I have blamed myself, of course I have, and yet I knew blaming myself would be something she wouldn’t want me to do, she wouldn’t want me to feel the guilt, she wouldn’t want me to feel like her blood was on my hands, yet I still felt that way, I always felt that way and hearing the pain in her voice when she says it kills me a little inside…

“Frank…” she started but she was interrupted by the door opening behind me, she let me go and shuffled across the bed before standing up, I stood from the chair and turned around to see Gerard, Mikey and Ray standing at the door, I looked to Jennifer and a grin spread across her face and tears ran down her cheeks, she ran over to Gerard and jumped into his arms, he engulfed her in a hug and they exchanged ‘I missed you’ and ‘I love you’ she then did the same with Mikey, and then greeted Ray, as the four of them began having happy reunion conversations with each other, a sense of hopelessness evolved in me and I walked out of the room, leaving them to greet each other
There was a happiness in my heart, knowing she was back and alive, but at the same time, I didn’t trust her, I couldn’t trust her, I knew where she’d been, I knew this was Better Living’s doing, and everything they do has a reason, I hate the thought that they are using her as a weapon against us…a weapon against me.

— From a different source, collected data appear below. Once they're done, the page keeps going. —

(* Let $X\subseteq G_n$ be a finite set of Hermitian Pauli operators. If there exist a Pauli operator $x$, a determining tree $\tau_x$ for $x$ over $X$, and a determining tree $\tau'_{-x}$ for $-x$ over $X$ such that $D(\tau_x)=D(\tau'_{-x})$, then $X$ is state-independently AvN in a partial closure, i.e. $\mathbb{T}_{\mathbb{Z}_2}(\overline{X})$ is inconsistent.
   Context: $G_n$ is the $n$-qubit Pauli group ($c\,P_1\otimes\cdots\otimes P_n$, $c\in\{\pm1,\pm i\}$, $P_j\in\{I,X,Y,Z\}$). The partial closure $\overline{X}$ of $X$ in $G_n$ is the smallest subset of $G_n$ containing $X\cup\{I\}$ that is closed under products of commuting pairs (if $a,b\in\overline{X}$ and $ab=ba$ then $ab\in\overline{X}$); equivalently the smallest abelian partial group in $G_n$ (with commutativity as the commeasurability relation and multiplication defined on commuting pairs) containing $X$. For a set $Y$ of Hermitian Pauli operators, its measurement cover $\mathcal{M}_Y$ is the family of maximal pairwise-commuting subsets of $Y$, and its linear theory is $\mathbb{T}_{\mathbb{Z}_2}(Y)=\{\langle C,r,a\rangle: C\in\mathcal{M}_Y,\ r:C\to\mathbb{Z}_2,\ a\in\mathbb{Z}_2,\ \prod_{y\in C}y^{r(y)}=(-1)^aI\}$; it is inconsistent if no $g:Y\to\mathbb{Z}_2$ satisfies $\sum_{y\in C}r(y)g(y)=a$ (mod 2) for all $\langle C,r,a\rangle$ in it. $X$ is state-independently AvN in a partial closure if $\mathbb{T}_{\mathbb{Z}_2}(\overline{X})$ is inconsistent. A determining tree $\tau_x$ for a Pauli operator $x$ over $X$ is a finite rooted tree whose nodes are labelled by Pauli operators and whose leaves are labelled by elements of $X$, such that the root is $x$, the children of any node pairwise commute, and every non-leaf node is the operator product of its children. The determining set $D(\tau_x)$ is the set of operators occurring an odd number of times as leaf labels of $\tau_x$. *)

theory Defs
  imports Main "HOL-Library.Z2"
begin

datatype pauli1 = PI | PX | PY | PZ

text \<open>Single-qubit product: returns (k, R) meaning  P * Q = i^k R.\<close>
fun mult1 :: "pauli1 \<Rightarrow> pauli1 \<Rightarrow> nat \<times> pauli1" where
  "mult1 PI q = (0, q)"
| "mult1 p PI = (0, p)"
| "mult1 PX PX = (0, PI)"
| "mult1 PY PY = (0, PI)"
| "mult1 PZ PZ = (0, PI)"
| "mult1 PX PY = (1, PZ)"
| "mult1 PY PX = (3, PZ)"
| "mult1 PY PZ = (1, PX)"
| "mult1 PZ PY = (3, PX)"
| "mult1 PZ PX = (1, PY)"
| "mult1 PX PZ = (3, PY)"

text \<open>A Pauli operator  i^k P_1 \<otimes> ... \<otimes> P_n  is represented by (k, [P_1,...,P_n]).\<close>
type_synonym pauli = "nat \<times> pauli1 list"

definition pauli_op :: "nat \<Rightarrow> pauli \<Rightarrow> bool" where
  "pauli_op n p \<longleftrightarrow> fst p < 4 \<and> length (snd p) = n"

definition pmult :: "pauli \<Rightarrow> pauli \<Rightarrow> pauli" where
  "pmult p q = ((fst p + fst q + sum_list (map2 (\<lambda>a b. fst (mult1 a b)) (snd p) (snd q))) mod 4,
                map2 (\<lambda>a b. snd (mult1 a b)) (snd p) (snd q))"

definition pid :: "nat \<Rightarrow> pauli" where
  "pid n = (0, replicate n PI)"

definition pneg :: "pauli \<Rightarrow> pauli" where
  "pneg p = ((fst p + 2) mod 4, snd p)"

definition pcommute :: "pauli \<Rightarrow> pauli \<Rightarrow> bool" where
  "pcommute a b \<longleftrightarrow> pmult a b = pmult b a"

definition hermitian :: "nat \<Rightarrow> pauli \<Rightarrow> bool" where
  "hermitian n p \<longleftrightarrow> pauli_op n p \<and> (fst p = 0 \<or> fst p = 2)"

inductive_set partial_closure :: "nat \<Rightarrow> pauli set \<Rightarrow> pauli set" for n X where
  base: "x \<in> X \<Longrightarrow> x \<in> partial_closure n X"
| ident: "pid n \<in> partial_closure n X"
| prod: "a \<in> partial_closure n X \<Longrightarrow> b \<in> partial_closure n X \<Longrightarrow> pcommute a b
          \<Longrightarrow> pmult a b \<in> partial_closure n X"

definition pairwise_commuting :: "pauli set \<Rightarrow> bool" where
  "pairwise_commuting C \<longleftrightarrow> (\<forall>a\<in>C. \<forall>b\<in>C. pcommute a b)"

definition meas_cover :: "pauli set \<Rightarrow> pauli set set" where
  "meas_cover Y = {C. C \<subseteq> Y \<and> pairwise_commuting C \<and>
                      (\<forall>C'. C \<subseteq> C' \<and> C' \<subseteq> Y \<and> pairwise_commuting C' \<longrightarrow> C' = C)}"

definition sign_id :: "nat \<Rightarrow> bit \<Rightarrow> pauli" where
  "sign_id n a = ((if a = 1 then 2 else 0), replicate n PI)"

text \<open>Product  \<Prod>_{y\<in>C} y^{r(y)}  of a finite pairwise commuting set (order irrelevant);
  computed along an enumeration of C.\<close>
definition prod_pow :: "nat \<Rightarrow> pauli set \<Rightarrow> (pauli \<Rightarrow> bit) \<Rightarrow> pauli \<Rightarrow> bool" where
  "prod_pow n C r p \<longleftrightarrow>
     (\<exists>ys. distinct ys \<and> set ys = C \<and>
        foldr pmult (map (\<lambda>y. if r y = 1 then y else pid n) ys) (pid n) = p)"

definition linear_theory :: "nat \<Rightarrow> pauli set \<Rightarrow> (pauli set \<times> (pauli \<Rightarrow> bit) \<times> bit) set" where
  "linear_theory n Y = {(C, r, a). C \<in> meas_cover Y \<and> (\<forall>y. y \<notin> C \<longrightarrow> r y = 0)
                          \<and> prod_pow n C r (sign_id n a)}"

definition theory_inconsistent :: "pauli set \<Rightarrow> (pauli set \<times> (pauli \<Rightarrow> bit) \<times> bit) set \<Rightarrow> bool" where
  "theory_inconsistent Y T \<longleftrightarrow>
     \<not> (\<exists>g :: pauli \<Rightarrow> bit. \<forall>(C, r, a) \<in> T. (\<Sum>y\<in>C. r y * g y) = a)"

definition state_indep_AvN_partial_closure :: "nat \<Rightarrow> pauli set \<Rightarrow> bool" where
  "state_indep_AvN_partial_closure n X \<longleftrightarrow>
     theory_inconsistent (partial_closure n X) (linear_theory n (partial_closure n X))"

datatype ptree = PNode pauli "ptree list"

fun label :: "ptree \<Rightarrow> pauli" where
  "label (PNode p _) = p"

fun leaves :: "ptree \<Rightarrow> pauli list" where
  "leaves (PNode p []) = [p]"
| "leaves (PNode p (t # ts)) = concat (map leaves (t # ts))"

fun valid_tree :: "pauli set \<Rightarrow> ptree \<Rightarrow> bool" where
  "valid_tree X (PNode p []) \<longleftrightarrow> p \<in> X"
| "valid_tree X (PNode p (t # ts)) \<longleftrightarrow>
     (\<forall>s\<in>set (t # ts). valid_tree X s)
     \<and> (\<forall>i<length (t # ts). \<forall>j<length (t # ts). pcommute (label ((t # ts) ! i)) (label ((t # ts) ! j)))
     \<and> p = foldr pmult (map label ts) (label t)"

definition determining_tree :: "nat \<Rightarrow> pauli set \<Rightarrow> pauli \<Rightarrow> ptree \<Rightarrow> bool" where
  "determining_tree n X x t \<longleftrightarrow> label t = x \<and> valid_tree X t"

definition det_set :: "ptree \<Rightarrow> pauli set" where
  "det_set t = {p. odd (count_list (leaves t) p)}"

end

(*
  Suppose g : closure(X) -> Z_2 satisfied the linear theory. Every commuting set in the
  closure whose product is (-1)^a I is contained in a context of the measurement cover, so g
  sums to a on it. Applied to {I} and to the triples {a, b, ab} this makes g additive on
  commuting pairs, hence along a determining tree g(x) is the sum of g over the leaves, which
  mod 2 is the sum over the determining set. Equal determining sets give g(x) = g(-x), while
  the pair {x, -x} with product -I forces g(x) + g(-x) = 1.
*)

theory Submission
  imports Defs
begin

lemma mult1_assoc_op: "snd (mult1 (snd (mult1 a b)) c) = snd (mult1 a (snd (mult1 b c)))"
  by (cases a; cases b; cases c) auto

lemma mult1_assoc_phase:
  "(fst (mult1 a b) + fst (mult1 (snd (mult1 a b)) c)) mod 4
     = (fst (mult1 b c) + fst (mult1 a (snd (mult1 b c)))) mod 4"
  by (cases a; cases b; cases c) auto

lemma mult1_self: "mult1 a a = (0, PI)"
  by (cases a) auto

lemma mult1_PI_right: "mult1 a PI = (0, a)"
  by (cases a) auto

abbreviation tensor_phase :: "pauli1 list \<Rightarrow> pauli1 list \<Rightarrow> nat" where
  "tensor_phase xs ys \<equiv> sum_list (map2 (\<lambda>a b. fst (mult1 a b)) xs ys)"

abbreviation tensor_mult :: "pauli1 list \<Rightarrow> pauli1 list \<Rightarrow> pauli1 list" where
  "tensor_mult xs ys \<equiv> map2 (\<lambda>a b. snd (mult1 a b)) xs ys"

lemma tensor_mult_assoc: "tensor_mult (tensor_mult xs ys) zs = tensor_mult xs (tensor_mult ys zs)"
proof (induction xs arbitrary: ys zs)
  case (Cons x xs) then show ?case by (cases ys; cases zs) (auto simp: mult1_assoc_op)
qed simp

lemma tensor_phase_assoc:
  assumes "length xs = length ys" "length ys = length zs"
  shows "(tensor_phase xs ys + tensor_phase (tensor_mult xs ys) zs) mod 4
       = (tensor_phase ys zs + tensor_phase xs (tensor_mult ys zs)) mod 4"
  using assms
proof (induction xs ys zs rule: list_induct3)
  case (Cons x xs y ys z zs)
  then show ?case
    using mod_add_cong[OF mult1_assoc_phase[of x y z] Cons.IH] by (simp add: ac_simps)
qed simp

lemma tensor_self: "tensor_phase xs xs = 0" "tensor_mult xs xs = replicate (length xs) PI"
  by (induction xs) (auto simp: mult1_self)

lemma tensor_PI_left: "tensor_phase (replicate (length ys) PI) ys = 0"
    "tensor_mult (replicate (length ys) PI) ys = ys"
  by (induction ys) auto

lemma tensor_PI_right: "tensor_phase xs (replicate (length xs) PI) = 0"
    "tensor_mult xs (replicate (length xs) PI) = xs"
  by (induction xs) (auto simp: mult1_PI_right)

lemma mod_add3_left_eq: "(a mod m + b + c) mod m = (a + b + c) mod (m::'a::euclidean_semiring_cancel)"
  by (simp add: add.assoc mod_add_left_eq)

lemma mod_add3_middle_eq: "(a + b mod m + c) mod m = (a + b + c) mod (m::'a::euclidean_semiring_cancel)"
  by (metis mod_add_left_eq mod_add_right_eq)

lemma pmult_assoc:
  assumes "pauli_op n a" "pauli_op n b" "pauli_op n c"
  shows "pmult (pmult a b) c = pmult a (pmult b c)"
proof -
  obtain ka xs kb ys kc zs where abc: "a = (ka, xs)" "b = (kb, ys)" "c = (kc, zs)"
    by (cases a, cases b, cases c) blast
  have "(tensor_phase xs ys + tensor_phase (tensor_mult xs ys) zs) mod 4
       = (tensor_phase ys zs + tensor_phase xs (tensor_mult ys zs)) mod 4"
    using assms abc by (intro tensor_phase_assoc) (auto simp: pauli_op_def)
  then have "(ka + kb + kc + (tensor_phase xs ys + tensor_phase (tensor_mult xs ys) zs)) mod 4
       = (ka + kb + kc + (tensor_phase ys zs + tensor_phase xs (tensor_mult ys zs))) mod 4"
    by (rule mod_add_cong[OF refl])
  then have "fst (pmult (pmult a b) c) = fst (pmult a (pmult b c))"
    by (simp add: abc pmult_def mod_add3_left_eq mod_add3_middle_eq, simp only: ac_simps)
  then show ?thesis
    by (simp add: prod_eq_iff abc pmult_def tensor_mult_assoc)
qed

lemma pauli_op_pmult: "pauli_op n a \<Longrightarrow> pauli_op n b \<Longrightarrow> pauli_op n (pmult a b)"
  by (auto simp: pauli_op_def pmult_def)

lemma pauli_op_pid [simp]: "pauli_op n (pid n)"
  by (simp add: pauli_op_def pid_def)

lemma pmult_pid_left: "pauli_op n p \<Longrightarrow> pmult (pid n) p = p"
  by (cases p) (auto simp: pauli_op_def pmult_def pid_def tensor_PI_left)

lemma pmult_pid_right: "pauli_op n p \<Longrightarrow> pmult p (pid n) = p"
  by (cases p) (auto simp: pauli_op_def pmult_def pid_def tensor_PI_right)

lemma pmult_self: "pmult p p = ((2 * fst p) mod 4, replicate (length (snd p)) PI)"
  by (simp add: pmult_def tensor_self mult_2)

lemma hermitian_iff_pmult_self: "hermitian n p \<longleftrightarrow> pauli_op n p \<and> pmult p p = pid n"
proof -
  have "(2 * k) mod 4 = 0 \<longleftrightarrow> k = 0 \<or> k = 2" if "k < 4" for k :: nat
    using that by presburger
  then show ?thesis
    by (cases p) (auto simp: hermitian_def pauli_op_def pmult_self pid_def)
qed

lemma pauli_op_pneg: "pauli_op n p \<Longrightarrow> pauli_op n (pneg p)"
  by (simp add: pauli_op_def pneg_def)

lemma pmult_pneg_right: "pmult a (pneg b) = pneg (pmult a b)"
  unfolding pmult_def pneg_def
  by (simp only: fst_conv snd_conv mod_add3_middle_eq mod_add_left_eq) (simp add: ac_simps)

lemma pmult_pneg_left: "pmult (pneg a) b = pneg (pmult a b)"
  unfolding pmult_def pneg_def
  by (simp only: fst_conv snd_conv mod_add3_left_eq mod_add_left_eq) (simp add: ac_simps)

lemma sign_id_0: "sign_id n 0 = pid n"
  by (simp add: sign_id_def pid_def)

lemma sign_id_1: "sign_id n 1 = pneg (pid n)"
  by (simp add: sign_id_def pid_def pneg_def)

lemma pcommute_refl [simp]: "pcommute a a"
  by (simp add: pcommute_def)

lemma pcommute_sym: "pcommute a b \<Longrightarrow> pcommute b a"
  by (simp add: pcommute_def)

I walked aimlessly through the hallways with no specific destination I walked, trying to understand the feelings and thoughts in my mind, but I just couldn’t, my heart was thrilled but my mind contradicted, my mind was telling me to stay away but my heart told me to tell her how I feel, how I’ve always felt but my mind conquers all, it always has, my thoughts have a wicked hold over me, that disregard everything else my body tells me to do, it makes me feel weak, but it also helps me, although I love her, my mind stops me from acting out, my mind helps me stay away and keep my distance, my mind over the past few years helped me forget, although in my dreams it would seem that my mind has no control.